The novel begins as a murmur of an impending revolt stirs in the town of Lawrence. Virtually all of the local mill workers have grievances about being underpaid. Having heard rumors of the violent consequences of workers’ revolts in the past, Serruti is wary of the dangers of a chaotic uprising. The protestors begin to create picket signs, and Serruti makes one that states, “We want bread, and roses, too.” Though the protest begins peacefully, it soon escalates into violence. The workers’ union decides to keep the children of the workers safe by sending them out of Massachusetts and into the care of families who sympathize with the plight of underpaid workers. These families have agreed to feed and house the kids. Disillusioned and fearful about her future, Serruti rides a train to Vermont. On the train, she discovers Beale stowing away under a seat. She decides to pretend that they are siblings, ignorant of the fact that Beale has fled the city after allegedly killing his father.
Serruti and Beale’s meeting is serendipitous; soon, they become fast friends in their temporary home in Vermont. They successfully convince their host family that they are siblings, and learn about their trades as stonecutters. While Serruti intends to wait until she can return to her family, Beale dreams of running away to New York City and starting a new life. Meanwhile, the strike rages on. Partly due to women’s prominence in the clothing manufacturing business, the “Bread and Roses” strike is the first of its kind led completely by women. Many of these women are first generation immigrants, and raise grievances against their employers that they were aggressively baited and promised high-paying jobs, only for the factories to renege on their claims as soon as they landed in the country. The strike is thousands strong, and includes representation from 25 different countries. A key organizer is Bill Haywood, a Marxist social justice advocate who helps educate and galvanize the workers to demand equitable pay and labor rights.
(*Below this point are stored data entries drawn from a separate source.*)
theorem mainTheorem2:
  fixes K :: "'a::euclidean_space \<Rightarrow> 'a \<Rightarrow> real"
    and n :: nat and E :: "nat set set"
  assumes K_nonneg: "\<forall>x y. 0 \<le> K x y"
    and K_loc: "locally_integrable_kernel K"
    and K_impr: "univ_Lp_improving K"
    and n2: "n \<ge> 2"
    and tree: "is_tree n E"
    and labels: "\<forall>v w. rooted_child E v w \<longrightarrow> v < w"
  shows "\<forall>q::real. q \<ge> 1 \<longrightarrow>
    (\<exists>(p :: nat \<Rightarrow> real) (C :: real).
       (\<forall>i\<in>{1..n}. 1 < p i) \<and> (\<Sum>i=1..n. 1 / p i) > 1 / q \<and>
       (\<forall>f :: nat \<Rightarrow> 'a \<Rightarrow> real.
          (\<forall>i\<in>{1..n}. f i \<in> borel_measurable lborel \<and> (\<forall>x. 0 \<le> f i x)) \<longrightarrow>
          Lp_norm q (\<lambda>x. U_fun n E K f x * ennreal (f 1 x))
            \<le> ennreal C * (\<Prod>i=1..n. Lp_norm (p i) (\<lambda>x. ennreal (f i x)))))"
proof -
  have "root_increasing_graph n E"
    using tree labels by (simp add: is_tree_def root_increasing_graph_def)
  then show ?thesis
    using U_fun_Lp_bound[OF K_nonneg locally_integrable_kernel_measurable[OF K_loc] K_impr _ _ n2] by blast
qed

end
lemma emeasure_zigzag_comp_vimage_le:
  "B \<in> sets borel \<Longrightarrow> emeasure lborel {x\<in>{0..1}. zigzag_comp n x \<in> B} \<le> emeasure lborel B"
proof (induction n arbitrary: B)
  case 0
  then show ?case
    by (intro emeasure_mono) auto
next
  case (Suc n)
  define B' where "B' = {y\<in>{0..1}. zigzag_comp n y \<in> B}"
  have B': "B' \<in> sets borel"
    unfolding B'_def using Suc.prems by measurable
  have M: "mesh n = 1 / real (3 ^ n * 2 ^ n\<^sup>2)" "0 < (3 ^ n * 2 ^ n\<^sup>2 :: nat)"
    by (simp_all add: mesh_def)
  note zigzag = zigzag_on_cells_zigzag_scaled[of n, unfolded M(1)]
  have "{x\<in>{0..1}. zigzag_comp (Suc n) x \<in> B} = {x\<in>{0..1}. zigzag_scaled n x \<in> B'}"
    using zigzag_on_cells_maps_unit_interval[OF zigzag M(2)] by (auto simp: B'_def)
  also have "emeasure lborel \<dots> \<le> emeasure lborel B'"
    by (rule emeasure_vimage_le_of_zigzag_on_cells[OF zigzag M(2) B'])
  also have "\<dots> \<le> emeasure lborel B"
    unfolding B'_def by (rule Suc.IH[OF Suc.prems])
  finally show ?case .
qed

lemma zigzag_limit_borel_measurable: "zigzag_limit \<in> borel_measurable borel"
  by (rule borel_measurable_continuous_onI[OF continuous_on_zigzag_limit])

lemma emeasure_zigzag_limit_vimage_null:
  assumes "B \<in> sets borel" "emeasure lborel B = 0"
  shows "emeasure lborel {x\<in>{0..1}. zigzag_limit x \<in> B} = 0"
  by (rule emeasure_vimage_null_of_open_le[OF emeasure_vimage_open_le_of_tendsto[OF zigzag_comp_tendsto
        zigzag_comp_borel_measurable _ emeasure_zigzag_comp_vimage_le] zigzag_limit_borel_measurable _ assms])
    simp_all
Beale and Serruti represent distinctly different attitudes towards the means and ends of labor revolt. Ultimately, Beale conceives of the Bread and Roses strike as a force that will propel him into a different life. Serruti, on the other hand, is ambivalent about the utility of organized revolt. She feels that it has alienated her from her family and friends, and is excited to return home at the end of the novel.
Bread and Roses, Too illustrates these starkly different views, suggesting that the lives of children are inextricable from issues of politics and power relationships in the modern era.